If $c = 0$ then $\sqrt{b} = d \in K$ which contradicts our assumption that $K\subsetneq K(\sqrt{b})$.

If $d = 0$ then $\sqrt{b} = c\sqrt{a}$ so $\sqrt{ab} = ac$ and, therefore, $ab = (ac)^2$, as we wanted to prove.

However, if $\text{char}(K) = 2$ then we cannot deduce that $c$ or $d$ is $0$. And I think that the claim is false. Indeed, let $a \in K\setminus K^2$ and let $b = a + 1$. Then $\sqrt{b} = \sqrt{a} + 1$ so $K(\sqrt{a}) = K(\sqrt{b})$. However, $\sqrt{ab} = a + \sqrt{a}\notin K$.

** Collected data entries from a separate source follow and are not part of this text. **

lemma sum_off_diagonal_pairs:
  fixes S a b :: "'a \<Rightarrow> real"
  assumes "finite A"
  shows "(\<Sum>s\<in>A. \<Sum>t\<in>A - {s}. S s + S t - a s * b t - a t * b s)
    = 2 * (real (card A) - 1) * sum S A - 2 * (sum a A * sum b A - (\<Sum>t\<in>A. a t * b t))"
proof -
  have "(\<Sum>t\<in>A - {s}. S s + S t - a s * b t - a t * b s)
      = real (card A) * S s + sum S A - a s * sum b A - sum a A * b s - 2 * S s + 2 * (a s * b s)"
    if "s \<in> A" for s
  proof -
    have "(\<Sum>t\<in>A - {s}. S s + S t - a s * b t - a t * b s)
        = (\<Sum>t\<in>A. S s + S t - a s * b t - a t * b s) - (2 * S s - 2 * (a s * b s))"
      using assms that by (simp add: sum_diff1)
    then show ?thesis
      by (simp add: sum.distrib sum_subtractf sum_distrib_left sum_distrib_right)
  qed
  then have "(\<Sum>s\<in>A. \<Sum>t\<in>A - {s}. S s + S t - a s * b t - a t * b s)
      = (\<Sum>s\<in>A. real (card A) * S s + sum S A - a s * sum b A - sum a A * b s - 2 * S s + 2 * (a s * b s))"
    by (rule sum.cong[OF refl])
  also have "\<dots> = 2 * (real (card A) - 1) * sum S A - 2 * (sum a A * sum b A - (\<Sum>t\<in>A. a t * b t))"
    by (simp add: sum.distrib sum_subtractf sum_distrib_left[symmetric] sum_distrib_right[symmetric] algebra_simps)
       (simp add: sum_distrib_left mult_ac)
  finally show ?thesis .
qed
lemma sums_of_first_order_recursion:
  fixes a g :: "nat \<Rightarrow> real"
  assumes "summable a" and rec: "\<And>k. r * a k = (if k = 0 then 0 else lam * a (k - 1)) + g k"
  shows "g sums ((r - lam) * suminf a)"
proof -
  define shifted where "shifted k = (if k = 0 then 0 else a (k - 1))" for k
  have "(\<lambda>k. shifted (Suc k)) sums suminf a"
    using summable_sums[OF \<open>summable a\<close>] by (simp add: shifted_def)
  then have "shifted sums (suminf a + shifted 0)" by (rule sums_Suc_iff[THEN iffD1])
  then have "shifted sums suminf a" by (simp add: shifted_def)
  then have "(\<lambda>k. r * a k - lam * shifted k) sums (r * suminf a - lam * suminf a)"
    using summable_sums[OF \<open>summable a\<close>] by (intro sums_diff sums_mult)
  moreover have "(\<lambda>k. r * a k - lam * shifted k) = g"
    using rec by (auto simp: fun_eq_iff shifted_def)
  ultimately show ?thesis by (simp add: algebra_simps)
qed

lemma geometric_decomposition_of_cut_equation:
  fixes a b :: "nat \<Rightarrow> real"
  assumes a_nonneg: "\<And>k. 0 \<le> a k" and b_nonneg: "\<And>k. 0 \<le> b k"
    and "summable a" "summable b" "\<exists>k. a k \<noteq> 0"
    and "0 < lam" "lam < r" "0 < al"
    and cut: "\<And>k. r * a k = (if k = 0 then 0 else lam * a (k - 1)) + al * tail_sum b k"
  defines "M \<equiv> suminf (tail_sum b)"
  shows "0 < M"
    and "(\<lambda>m. real (m + 1) * b (m + 1)) sums M"
    and "(\<lambda>i. tail_sum b i / M) sums 1"
    and "a k / suminf a = (\<Sum>n\<le>k. (1 - lam / r) * (lam / r) ^ n * (tail_sum b (k - n) / M))"
proof -
  have "suminf a \<noteq> 0" using suminf_eq_zero_iff[OF \<open>summable a\<close> a_nonneg] \<open>\<exists>k. a k \<noteq> 0\<close> by blast
  then have a_pos: "0 < suminf a" using suminf_nonneg[OF \<open>summable a\<close> a_nonneg] by linarith
  have "(\<lambda>k. al * tail_sum b k) sums ((r - lam) * suminf a)"
    by (rule sums_of_first_order_recursion[OF \<open>summable a\<close> cut])
  then have T_sums: "tail_sum b sums ((r - lam) * suminf a / al)"
    using \<open>0 < al\<close> by (simp add: sums_mult_D)
  then have M_eq: "M = (r - lam) * suminf a / al" by (simp add: M_def sums_iff)
  show "0 < M" unfolding M_eq using a_pos \<open>lam < r\<close> \<open>0 < al\<close> by simp
  show "(\<lambda>m. real (m + 1) * b (m + 1)) sums M"
    unfolding M_def using T_sums by (intro tail_sum_sums_moment b_nonneg \<open>summable b\<close>) (simp add: sums_iff)
  show "(\<lambda>i. tail_sum b i / M) sums 1"
    using sums_divide[OF T_sums[folded M_eq], of M] a_pos \<open>lam < r\<close> \<open>0 < al\<close> by (simp add: M_eq)
  have "a k = (\<Sum>n\<le>k. (lam / r) ^ n * (al * tail_sum b (k - n)) / r)"
    using \<open>0 < lam\<close> \<open>lam < r\<close> by (intro first_order_recursion_solution cut) simp
  also have "\<dots> = suminf a * (\<Sum>n\<le>k. (1 - lam / r) * (lam / r) ^ n * (tail_sum b (k - n) / M))"
    unfolding sum_distrib_left using \<open>0 < lam\<close> \<open>lam < r\<close> \<open>0 < al\<close> a_pos
    by (intro sum.cong refl) (simp add: M_eq field_simps)
  finally show "a k / suminf a = (\<Sum>n\<le>k. (1 - lam / r) * (lam / r) ^ n * (tail_sum b (k - n) / M))"
    using a_pos by (simp add: field_simps)
qed

lemma power_series_norm_summable:
  fixes f :: "nat \<Rightarrow> real" and z :: complex
  assumes "\<And>k. 0 \<le> f k" "summable f" "norm z \<le> 1"
  shows "summable (\<lambda>k. norm (of_real (f k) * z ^ k))"
  by (rule summable_comparison_test'[OF \<open>summable f\<close>])
     (use assms in \<open>auto simp: norm_mult norm_power intro!: mult_left_le power_le_one\<close>)

lemma power_series_sums_infsum:
  fixes f :: "nat \<Rightarrow> real" and z :: complex
  assumes "\<And>k. 0 \<le> f k" "summable f" "norm z \<le> 1"
  shows "(\<lambda>k. of_real (f k) * z ^ k) sums (\<Sum>\<^sub>\<infinity>k. of_real (f k) * z ^ k)"
  using norm_summable_imp_summable_on[OF power_series_norm_summable[OF assms]]
  by (intro has_sum_imp_sums has_sum_infsum)

lemma infsum_power_series_Cauchy_product:
  fixes f g :: "nat \<Rightarrow> real" and z :: complex
  assumes "\<And>k. 0 \<le> f k" "summable f" "\<And>k. 0 \<le> g k" "summable g" "norm z \<le> 1"
  shows "(\<Sum>\<^sub>\<infinity>k. of_real (\<Sum>i\<le>k. f i * g (k - i)) * z ^ k)
    = (\<Sum>\<^sub>\<infinity>k. of_real (f k) * z ^ k) * (\<Sum>\<^sub>\<infinity>k. of_real (g k) * z ^ k)"
proof -
  define h where "h k = (\<Sum>i\<le>k. f i * g (k - i))" for k
  have "0 \<le> h k" for k unfolding h_def using assms by (simp add: sum_nonneg)
  moreover have "summable h"
    using summable_Cauchy_product[of f g] assms by (simp add: h_def[abs_def])
  ultimately have "(\<lambda>k. of_real (h k) * z ^ k) sums (\<Sum>\<^sub>\<infinity>k. of_real (h k) * z ^ k)"
    using \<open>norm z \<le> 1\<close> by (rule power_series_sums_infsum)
  moreover have "(\<lambda>k. \<Sum>i\<le>k. of_real (f i) * z ^ i * (of_real (g (k - i)) * z ^ (k - i)))
      sums ((\<Sum>k. of_real (f k) * z ^ k) * (\<Sum>k. of_real (g k) * z ^ k))"
    using assms by (intro Cauchy_product_sums power_series_norm_summable)
  moreover have "(\<Sum>i\<le>k. of_real (f i) * z ^ i * (of_real (g (k - i)) * z ^ (k - i))) = of_real (h k) * z ^ k" for k
    unfolding h_def of_real_sum sum_distrib_right
    by (intro sum.cong refl) (simp add: power_add[symmetric])
  moreover have "(\<Sum>k. of_real (f k) * z ^ k) = (\<Sum>\<^sub>\<infinity>k. of_real (f k) * z ^ k)"
    "(\<Sum>k. of_real (g k) * z ^ k) = (\<Sum>\<^sub>\<infinity>k. of_real (g k) * z ^ k)"
    using power_series_sums_infsum[OF assms(1,2,5)] power_series_sums_infsum[OF assms(3,4,5)]
    by (simp_all add: sums_iff)
  ultimately show ?thesis by (simp add: h_def sums_unique2)
qed

lemma infsum_geometric_power_series:
  fixes \<rho> :: real and z :: complex
  assumes "0 \<le> \<rho>" "\<rho> < 1" "norm z \<le> 1"
  shows "(\<Sum>\<^sub>\<infinity>n. of_real ((1 - \<rho>) * \<rho> ^ n) * z ^ n) = (1 - of_real \<rho>) / (1 - of_real \<rho> * z)"
proof -
  have "norm (of_real \<rho> * z) < 1"
    using assms by (simp add: norm_mult) (meson le_less_trans mult_left_le order_refl)
  then have "(\<lambda>n. (1 - of_real \<rho>) * (of_real \<rho> * z) ^ n) sums ((1 - of_real \<rho>) * (1 / (1 - of_real \<rho> * z)))"
    by (intro sums_mult geometric_sums)
  then have "(\<lambda>n. of_real ((1 - \<rho>) * \<rho> ^ n) * z ^ n) sums ((1 - of_real \<rho>) / (1 - of_real \<rho> * z))"
    by (simp add: power_mult_distrib mult.assoc)
  moreover have "(\<lambda>n. of_real ((1 - \<rho>) * \<rho> ^ n) * z ^ n) sums (\<Sum>\<^sub>\<infinity>n. of_real ((1 - \<rho>) * \<rho> ^ n) * z ^ n)"
    using assms by (intro power_series_sums_infsum summable_mult summable_geometric) simp_all
  ultimately show ?thesis by (simp add: sums_unique2)
qed

lemma infsum_power_series_geometric_convolution:
  fixes P q :: "nat \<Rightarrow> real" and \<rho> :: real and z :: complex
  assumes "0 \<le> \<rho>" "\<rho> < 1" "\<And>i. 0 \<le> q i" "summable q" "norm z \<le> 1"
    and P: "\<And>k. P k = (\<Sum>n\<le>k. (1 - \<rho>) * \<rho> ^ n * q (k - n))"
  shows "(\<Sum>\<^sub>\<infinity>k. of_real (P k) * z ^ k) = (\<Sum>\<^sub>\<infinity>i. of_real (q i) * z ^ i) * (1 - of_real \<rho>) / (1 - of_real \<rho> * z)"
proof -
  have "(\<Sum>\<^sub>\<infinity>k. of_real (P k) * z ^ k)
      = (\<Sum>\<^sub>\<infinity>n. of_real ((1 - \<rho>) * \<rho> ^ n) * z ^ n) * (\<Sum>\<^sub>\<infinity>i. of_real (q i) * z ^ i)"
    unfolding P using assms by (intro infsum_power_series_Cauchy_product) simp_all
  then show ?thesis using infsum_geometric_power_series[OF assms(1,2,5)] by simp
qed
definition group_outer_triads :: "sharing_group \<Rightarrow> triad list" where
  "group_outer_triads = (\<lambda>(v, UW, G). map (\<lambda>(u, w). (u, v, w)) UW)"

(* A composite row index I stands for the pair (I div n, I mod n): row I mod n of block row
   I div n, and likewise for columns.  Row s * n + i of the inner <g n, m, p> problem is row i
   of the s-th stacked block u_s(A). *)
definition group_composite_triads :: "nat \<Rightarrow> nat \<Rightarrow> nat \<Rightarrow> sharing_group \<Rightarrow> triad list" where
  "group_composite_triads n m p = (\<lambda>(v, UW, G). map (\<lambda>(\<alpha>, \<beta>, \<gamma>).
     (\<lambda>I J. \<Sum>s<length UW. fst (UW!s) (I div n) (J div m) * \<alpha> (s*n + I mod n) (J mod m),
      \<lambda>J L. v (J div m) (L div p) * \<beta> (J mod m) (L mod p),
      \<lambda>I L. \<Sum>s<length UW. snd (UW!s) (I div n) (L div p) * \<gamma> (s*n + I mod n) (L mod p))) G)"

lemma length_group_composite_triads:
  "length (group_composite_triads n m p g) = length (snd (snd g))"
  by (simp add: group_composite_triads_def split_beta)

lemma brent_sum_group_composite_expand:
  "brent_sum (group_composite_triads n m p (v, UW, G)) I' J J' L' I L =
    (\<Sum>s<length UW. \<Sum>s'<length UW.
       fst (UW!s) (I' div n) (J div m) * v (J' div m) (L' div p) * snd (UW!s') (I div n) (L div p) *
       brent_sum G (s*n + I' mod n) (J mod m) (J' mod m) (L' mod p) (s'*n + I mod n) (L mod p))"
proof -
  have "brent_sum (group_composite_triads n m p (v, UW, G)) I' J J' L' I L =
    (\<Sum>k<length G.
       (\<Sum>s<length UW. fst (UW!s) (I' div n) (J div m) * fst (G!k) (s*n + I' mod n) (J mod m)) *
       (v (J' div m) (L' div p) * fst (snd (G!k)) (J' mod m) (L' mod p)) *
       (\<Sum>s'<length UW.
          snd (UW!s') (I div n) (L div p) * snd (snd (G!k)) (s'*n + I mod n) (L mod p)))"
    by (simp add: brent_sum_nth group_composite_triads_def split_beta)
  also have "\<dots> = (\<Sum>s<length UW. \<Sum>s'<length UW. \<Sum>k<length G.
       (fst (UW!s) (I' div n) (J div m) * fst (G!k) (s*n + I' mod n) (J mod m)) *
       (v (J' div m) (L' div p) * fst (snd (G!k)) (J' mod m) (L' mod p)) *
       (snd (UW!s') (I div n) (L div p) * snd (snd (G!k)) (s'*n + I mod n) (L mod p)))"
    by (rule sum_mult_sum_swap)
  also have "\<dots> = (\<Sum>s<length UW. \<Sum>s'<length UW.
       fst (UW!s) (I' div n) (J div m) * v (J' div m) (L' div p) * snd (UW!s') (I div n) (L div p) *
       brent_sum G (s*n + I' mod n) (J mod m) (J' mod m) (L' mod p) (s'*n + I mod n) (L mod p))"
    by (simp add: brent_sum_nth sum_distrib_left mult_ac)
  finally show ?thesis .
qed
lemma nc_mul_var_right:
  "nc_mul f (nc_var b) = (\<lambda>w. if w \<noteq> [] \<and> last w = b then f (butlast w) else 0)"
proof
  fix w :: "nat list"
  have drop_eq: "drop i w = [b] \<longleftrightarrow> w \<noteq> [] \<and> last w = b \<and> i = length w - 1"
    if "i \<le> length w" for i
    using that by (cases w rule: rev_cases) (auto simp: drop_Cons' le_Suc_eq)
  have "nc_mul f (nc_var b) w =
      (\<Sum>i\<le>length w. if i = length w - 1 \<and> w \<noteq> [] \<and> last w = b then f (take i w) else 0)"
    unfolding nc_mul_def nc_var_def by (rule sum.cong) (auto simp: drop_eq)
  then show "nc_mul f (nc_var b) w = (if w \<noteq> [] \<and> last w = b then f (butlast w) else 0)"
    by (simp add: butlast_conv_take)
qed

lemma nc_mul_var_left:
  "nc_mul (nc_var b) f = (\<lambda>w. if w \<noteq> [] \<and> hd w = b then f (tl w) else 0)"
proof
  fix w :: "nat list"
  have take_eq: "take i w = [b] \<longleftrightarrow> w \<noteq> [] \<and> hd w = b \<and> i = 1" if "i \<le> length w" for i
    using that by (cases w; cases i) (auto simp: take_Suc)
  have "nc_mul (nc_var b) f w = (\<Sum>i\<le>length w. if i = 1 \<and> w \<noteq> [] \<and> hd w = b then f (drop i w) else 0)"
    unfolding nc_mul_def nc_var_def by (rule sum.cong) (auto simp: take_eq)
  then show "nc_mul (nc_var b) f w = (if w \<noteq> [] \<and> hd w = b then f (tl w) else 0)"
    by (cases w) (auto simp: drop_Suc Suc_le_eq)
qed

lemma comm_var_apply:
  "comm_var b f w = (if w \<noteq> [] \<and> last w = b then f (butlast w) else 0)
                  - (if w \<noteq> [] \<and> hd w = b then f (tl w) else 0)"
  by (simp add: comm_var_def nc_comm_def nc_mul_var_right nc_mul_var_left)
lemma path_tree_decomposition:
  assumes T: "is_tree X" and ne: "st X \<noteq> en X"
  obtains (base) a where "iso (base_tree a) X"
    | (concat) A B where "is_tree A" "is_tree B" "concat A B X" "E A \<noteq> {}" "E B \<noteq> {}"
proof -
  let ?s = "st X"
  obtain w where "(?s, w) \<in> erel (E X)" and w_en: "(w, en X) \<in> (erel (E X))\<^sup>*"
    using is_treeD(8)[OF T] ne by (cases rule: converse_rtranclE) auto
  then obtain a where e: "(?s, a, w) \<in> E X" unfolding erel_def by blast
  obtain Vp Ep Vq Eq where V: "V X = Vp \<union> Vq" "Vp \<inter> Vq = {}" "?s \<in> Vp" "w \<in> Vq"
    and EX: "E X = insert (?s, a, w) (Ep \<union> Eq)"
    and TP: "is_tree \<lparr>V = Vp, E = Ep, st = ?s, en = ?s\<rparr>"
    and TQ0: "is_tree \<lparr>V = Vq, E = Eq, st = w, en = w\<rparr>"
    and reach: "\<And>z. (w, z) \<in> (erel (E X))\<^sup>* \<Longrightarrow> z \<in> Vq \<and> (w, z) \<in> (erel Eq)\<^sup>*"
    using tree_remove_edge[OF T e] by metis
  define Q where "Q = \<lparr>V = Vq, E = Eq, st = w, en = en X\<rparr>"
  have TQ: "is_tree Q"
    using is_tree_change_ends[OF TQ0, of w "en X"] V(4) reach[OF w_en] unfolding Q_def by simp
  have sQ: "?s \<notin> V Q" using V(2,3) unfolding Q_def by auto
  show thesis
  proof (cases "Ep = {}")
    case False
    let ?A = "\<lparr>V = Vp, E = Ep, st = ?s, en = ?s\<rparr>"
    let ?B = "\<lparr>V = insert ?s Vq, E = insert (?s, a, w) Eq, st = ?s, en = en X\<rparr>"
    have TB: "is_tree ?B" using is_tree_add_pendant[OF TQ sQ, of a] unfolding Q_def by simp
    have "concat ?A ?B X" using V EX unfolding concat_def by auto
    from concat[OF TP TB this] False show thesis by simp
  next
    case Ep: True
    then have Vp: "Vp = {?s}"
      using is_treeD(3)[OF TP] V(3) by (simp add: card_1_singleton_iff) (metis singletonD)
    show thesis
    proof (cases "Eq = {}")
      case True
      then have "Vq = {w}"
        using is_treeD(3)[OF TQ0] V(4) by (simp add: card_1_singleton_iff) (metis singletonD)
      with Vp have "V X = {?s, w}" "E X = {(?s, a, w)}" "en X = w" "?s \<noteq> w"
        using V EX Ep True reach[OF w_en] by auto
      then have "iso (base_tree a) X"
        unfolding iso_def morphism_def base_tree_def
        by (intro exI[of _ "\<lambda>n. if n = 0 then ?s else w"]) (auto simp: bij_betw_def inj_on_def emap_def)
      then show thesis by (rule base)
    next
      case False
      let ?A = "\<lparr>V = {?s, w}, E = {(?s, a, w)}, st = ?s, en = w\<rparr>"
      have "is_tree \<lparr>V = {w}, E = {}, st = w, en = w\<rparr>" unfolding is_tree_def by simp
      moreover have "?s \<noteq> w" using V(2-4) by blast
      ultimately have TA: "is_tree ?A" using is_tree_add_pendant[of _ ?s a] by fastforce
      have "concat ?A Q X" using V Vp EX Ep unfolding concat_def Q_def by auto
      from concat[OF TA TQ this] False show thesis unfolding Q_def by simp
    qed
  qed
qed

lemma generated_edgeless:
  assumes T: "is_tree X" and "E X = {}"
  shows "generated X"
proof -
  have "V X = {st X}" "en X = st X"
    using is_treeD(3,6,7)[OF T] \<open>E X = {}\<close> by (auto simp: card_1_singleton_iff)
  then have "iso trivial_tree X"
    unfolding iso_def morphism_def trivial_tree_def using \<open>E X = {}\<close>
    by (intro exI[of _ "\<lambda>_. st X"]) (simp add: bij_betw_def)
  then show ?thesis by (rule gen_one)
qed

lemma generated_loop_step:
  fixes X :: "'a stree"
  assumes T: "is_tree X" and P: "pruned X" and "E X \<noteq> {}" and loop: "st X = en X"
    and IH: "\<And>Y :: 'a stree. weight Y < weight X \<Longrightarrow> is_tree Y \<Longrightarrow> pruned Y \<Longrightarrow> generated Y"
  shows "generated X"
proof -
  obtain b w where "(st X, b, w) \<in> E X \<or> (w, b, st X) \<in> E X"
    using tree_edge_at_vertex[OF T \<open>E X \<noteq> {}\<close> is_treeD(6)[OF T]] by metis
  then show ?thesis
  proof
    assume e: "(st X, b, w) \<in> E X"
    let ?Y = "X\<lparr>st := st X, en := w\<rparr>"
    have "(st X, w) \<in> (erel (E X))\<^sup>*" using e unfolding erel_def by blast
    then have "is_tree ?Y"
      using is_tree_change_ends[OF T is_treeD(6)[OF T]] is_treeD(4)[OF T e] by blast
    moreover have "pruned ?Y" using pruned_change_ends[OF T P loop, of "st X" w] by simp
    moreover have "weight ?Y < weight X"
      using loop tree_no_loop[OF T e] unfolding weight_def by simp
    ultimately have "generated ?Y" using IH by blast
    moreover have "plus_tree ?Y = X" using loop unfolding plus_tree_def by simp
    ultimately show ?thesis using gen_plus pruned_retract_of_if_iso[OF P iso_refl] by metis
  next
    assume e: "(w, b, st X) \<in> E X"
    let ?Y = "X\<lparr>st := w, en := en X\<rparr>"
    have "(w, en X) \<in> (erel (E X))\<^sup>*" using e loop unfolding erel_def by auto
    then have "is_tree ?Y"
      using is_tree_change_ends[OF T _ is_treeD(7)[OF T]] is_treeD(4)[OF T e] by blast
    moreover have "pruned ?Y" using pruned_change_ends[OF T P loop, of w "en X"] loop by simp
    moreover have "weight ?Y < weight X"
      using loop tree_no_loop[OF T e] unfolding weight_def by simp
    ultimately have "generated ?Y" using IH by blast
    moreover have "star_tree ?Y = X" using loop unfolding star_tree_def by simp
    ultimately show ?thesis using gen_star pruned_retract_of_if_iso[OF P iso_refl] by metis
  qed
qed

lemma generated_path_step:
  fixes X :: "'a stree"
  assumes T: "is_tree X" and P: "pruned X" and "st X \<noteq> en X"
    and IH: "\<And>Y :: 'a stree. weight Y < weight X \<Longrightarrow> is_tree Y \<Longrightarrow> pruned Y \<Longrightarrow> generated Y"
  shows "generated X"
  using T \<open>st X \<noteq> en X\<close>
proof (cases rule: path_tree_decomposition)
  case (base a)
  then show ?thesis by (rule gen_base)
next
  case (concat A B)
  then have "generated A" "generated B"
    using IH concat_weight_less[OF concat(3,1,2) T] concat_pruned[OF concat(3) P] by blast+
  then show ?thesis
    using gen_mult pruned_retract_of_times_tree[OF concat(3) P concat(1,2)] by blast
qed

theorem proposition5p1:
  fixes X :: "'a stree"
  assumes "is_tree X" and "pruned X"
  shows "generated X"
  using assms
proof (induction "weight X" arbitrary: X rule: less_induct)
  case less
  then have IH: "\<And>Y :: 'a stree. weight Y < weight X \<Longrightarrow> is_tree Y \<Longrightarrow> pruned Y \<Longrightarrow> generated Y"
    by blast
  consider "E X = {}" | "E X \<noteq> {}" "st X = en X" | "st X \<noteq> en X" by blast
  then show ?case
  proof cases
    case 1
    then show ?thesis using generated_edgeless less.prems(1) by blast
  next
    case 2
    then show ?thesis using generated_loop_step less.prems IH by blast
  next
    case 3
    then show ?thesis using generated_path_step less.prems IH by blast
  qed
qed

end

Am I missing something here or should the question state that $\text{char}(K) \neq 2$

Your proposed counterexample works provided your field $K$ of characteristic $2$ is such that not every element of $K$ is a square in $K$.

For example, choosing $K=F_2$ won't work.

More generally, if $K$ is a field of characteristic $2$, the map $x\mapsto x^2$ is an injective homomorphism, so in the case where $K$ is finite, every element of $K$ is a square in $K$.

But for your proposed counterexample to work, it's not enough to simply assume that the field $K$ of characteristic $2$ is infinite, since if $K$ is an algebraic extension of $F_2$, every element of $K$ lies in a finite subfield of $K$, hence once again, every element of $K$ is a square in $K$.

Thus, a qualifying $K$ must be a transcendental extension of $F_2$.

As an example of a $K$ that works, you can choose $K=F_2(x)$, and then you can let $a=x$ and $b=x+1$, exactly as you proposed.